The Houston Dash perhaps overperformed compared to expectations while the Red Stars underperformed, but once again, the tournament format and the wicked heat in Herriman took their toll on the prepared and unprepared alike. The Red Stars in particular look like their gas light is on and pinging insistently, so the difference might come down to minutes management and who has the freshest legs off the bench. In that respect, it might be Houston.
Against Portland, we can see that Houston relied a lot on pulling the game wide, with Nichelle Prince attempting multiple crosses, as well as a trying to play through for Rachel Daly. Meanwhile, Chicago sat off of Sky Blue for large portions of their semifinal, with much of that red area on the map coming from having to contain Ifeoma Onumonu.
Still, a lot of Chicago’s team leaders have a lot of minutes piled up on their legs; Julie Ertz, Sarah Gorden, Vanessa DiBernardo, and Kealia Watt all have over 400 minutes over five games, while Danny Colaprico, Savannah McCaskill, and Casey Short aren’t too far behind. Additionally, Casey Short was a late scratch ahead of the semifinal due to a “minor injury” in practice the day before.
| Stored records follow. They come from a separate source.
(* Let $n\le l$ be positive integers, let $L_l=\{a_1<\dots<a_l\}$ be the linearly ordered semilattice of $l$ elements, and let $t(X)=s(X)$ be an equation over $L_l$ in the variables $X=\{x_1,\dots,x_n\}$ in which every variable occurs, with solution set $Y=V(t(X)=s(X))$. Then $Y=\bigcup_\sigma Y_\sigma$, the union over all permutations $\sigma$ of $\{1,\dots,n\}$ of the first or second kind, is the decomposition of $Y$ into its irreducible components (i.e. each $Y_\sigma$ is irreducible and $Y_\sigma\not\subseteq Y_{\sigma'}$ for $\sigma\neq\sigma'$). In particular, the number of irreducible components of $Y$ equals the number of permutations of $\{1,\dots,n\}$ of the first and second kind.
   Context: $L_l$ has multiplication $a_ia_j=a_{\min(i,j)}$. A term is a commutative word in $x_1,\dots,x_n$; $\mathrm{Var}(t)$ is the set of variables occurring in $t$. An equation is an ordered pair of terms $t(X)=s(X)$; $P\in L_l^n$ is a solution if $t(P)=s(P)$; $x\le y$ abbreviates $xy=x$. For a system $S$, $V(S)$ is its set of common solutions; $Y\subseteq L_l^n$ is algebraic if $Y=V(S)$ for some system $S$; an algebraic set is irreducible if it is not a proper finite union of other algebraic sets. Every algebraic set is uniquely (up to order) a finite union $Y_1\cup\dots\cup Y_m$ of irreducible algebraic sets with $Y_i\not\subseteq Y_j$ for $i\ne j$; these $Y_i$ are its irreducible components. A permutation $\sigma$ of $\{1,\dots,n\}$ is of the first kind if $x_{\sigma(1)}\in\mathrm{Var}(t)\cap\mathrm{Var}(s)$, and of the second kind if $x_{\sigma(1)}\in\mathrm{Var}(s)\setminus\mathrm{Var}(t)$ and $x_{\sigma(2)}\in\mathrm{Var}(t)\setminus\mathrm{Var}(s)$. For $\sigma$ of the first kind, $Y_\sigma=V(\{x_{\sigma(i)}\le x_{\sigma(i+1)}:1\le i\le n-1\})$; for $\sigma$ of the second kind, $Y_\sigma=V(\{x_{\sigma(1)}=x_{\sigma(2)}\}\cup\{x_{\sigma(i)}\le x_{\sigma(i+1)}:2\le i\le n-1\})$. *)

theory Defs
  imports "HOL-Library.FuncSet" "HOL-Combinatorics.Permutations"
begin

text \<open>The semilattice L_l = {a_1 < ... < a_l} is represented by the indices {1..l},
  with multiplication a_i a_j = a_(min i j).  A term (commutative word) is a nonempty list of variable
  indices; its value at a point P is the product (= minimum) of the values of its letters.\<close>

type_synonym wterm = "nat list"

definition Var :: "wterm \<Rightarrow> nat set" where
  "Var t = set t"

definition is_term :: "nat \<Rightarrow> wterm \<Rightarrow> bool" where
  "is_term n t \<longleftrightarrow> t \<noteq> [] \<and> set t \<subseteq> {1..n}"

definition eval_term :: "(nat \<Rightarrow> nat) \<Rightarrow> wterm \<Rightarrow> nat" where
  "eval_term P t = Min (P ` set t)"

definition points :: "nat \<Rightarrow> nat \<Rightarrow> (nat \<Rightarrow> nat) set" where
  "points l n = {1..n} \<rightarrow>\<^sub>E {1..l}"

definition is_equation :: "nat \<Rightarrow> wterm \<times> wterm \<Rightarrow> bool" where
  "is_equation n e \<longleftrightarrow> is_term n (fst e) \<and> is_term n (snd e)"

definition V :: "nat \<Rightarrow> nat \<Rightarrow> (wterm \<times> wterm) set \<Rightarrow> (nat \<Rightarrow> nat) set" where
  "V l n S = {P \<in> points l n. \<forall>e\<in>S. eval_term P (fst e) = eval_term P (snd e)}"

definition algebraic :: "nat \<Rightarrow> nat \<Rightarrow> (nat \<Rightarrow> nat) set \<Rightarrow> bool" where
  "algebraic l n Y \<longleftrightarrow> (\<exists>S. (\<forall>e\<in>S. is_equation n e) \<and> Y = V l n S)"

definition irreducible :: "nat \<Rightarrow> nat \<Rightarrow> (nat \<Rightarrow> nat) set \<Rightarrow> bool" where
  "irreducible l n Y \<longleftrightarrow> algebraic l n Y \<and>
     (\<forall>F. finite F \<and> (\<forall>Z\<in>F. algebraic l n Z) \<and> Y = \<Union>F \<longrightarrow> Y \<in> F)"

text \<open>x <= y abbreviates the equation x y = x.\<close>
definition leq_eq :: "nat \<Rightarrow> nat \<Rightarrow> wterm \<times> wterm" where
  "leq_eq i j = ([i, j], [i])"

definition first_kind :: "wterm \<Rightarrow> wterm \<Rightarrow> (nat \<Rightarrow> nat) \<Rightarrow> bool" where
  "first_kind t s \<sigma> \<longleftrightarrow> \<sigma> 1 \<in> Var t \<inter> Var s"

definition second_kind :: "wterm \<Rightarrow> wterm \<Rightarrow> (nat \<Rightarrow> nat) \<Rightarrow> bool" where
  "second_kind t s \<sigma> \<longleftrightarrow> \<sigma> 1 \<in> Var s - Var t \<and> \<sigma> 2 \<in> Var t - Var s"

definition Y_first :: "nat \<Rightarrow> nat \<Rightarrow> (nat \<Rightarrow> nat) \<Rightarrow> (nat \<Rightarrow> nat) set" where
  "Y_first l n \<sigma> = V l n {leq_eq (\<sigma> i) (\<sigma> (i + 1)) | i. 1 \<le> i \<and> i \<le> n - 1}"

definition Y_second :: "nat \<Rightarrow> nat \<Rightarrow> (nat \<Rightarrow> nat) \<Rightarrow> (nat \<Rightarrow> nat) set" where
  "Y_second l n \<sigma> = V l n ({([\<sigma> 1], [\<sigma> 2])} \<union>
      {leq_eq (\<sigma> i) (\<sigma> (i + 1)) | i. 2 \<le> i \<and> i \<le> n - 1})"

definition Y_sigma :: "nat \<Rightarrow> nat \<Rightarrow> wterm \<Rightarrow> wterm \<Rightarrow> (nat \<Rightarrow> nat) \<Rightarrow> (nat \<Rightarrow> nat) set" where
  "Y_sigma l n t s \<sigma> = (if first_kind t s \<sigma> then Y_first l n \<sigma> else Y_second l n \<sigma>)"

definition kind_perms :: "nat \<Rightarrow> wterm \<Rightarrow> wterm \<Rightarrow> (nat \<Rightarrow> nat) set" where
  "kind_perms n t s = {\<sigma>. \<sigma> permutes {1..n} \<and> (first_kind t s \<sigma> \<or> second_kind t s \<sigma>)}"

end

theory Submission
  imports Defs
begin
Perhaps this will work in their favor, with Short coming into the final almost completely rested. But if the injury isn’t so minor, once again she might find herself with limited minutes or not even dressed for the game.
Not that Houston is much better as Katie Naughton, Kristie Mewis, and Rachel Daly have over 500 minutes over six games, with Shea Groom and Allysha Chapman on serious minutes as well. The key here could be that Nichelle Prince is relatively rested, and she’s positioned to keep attacking that tired Chicago left side. Houston’s injury list isn’t as extensive as Chicago’s either, poor Megan Oyster’s ribs notwithstanding, and if it comes down to grinding out a result, you’re probably better off betting on Houston here.
So who knows; we may get a wild 4-3 game here because no one can be arsed to do any defending, or we may get a 0-0 and penalties, because no one can be arsed to do any attacking. What’s clear is that everyone is tired, and after the tournament, they all deserve to sleep 16 hours a day for a week.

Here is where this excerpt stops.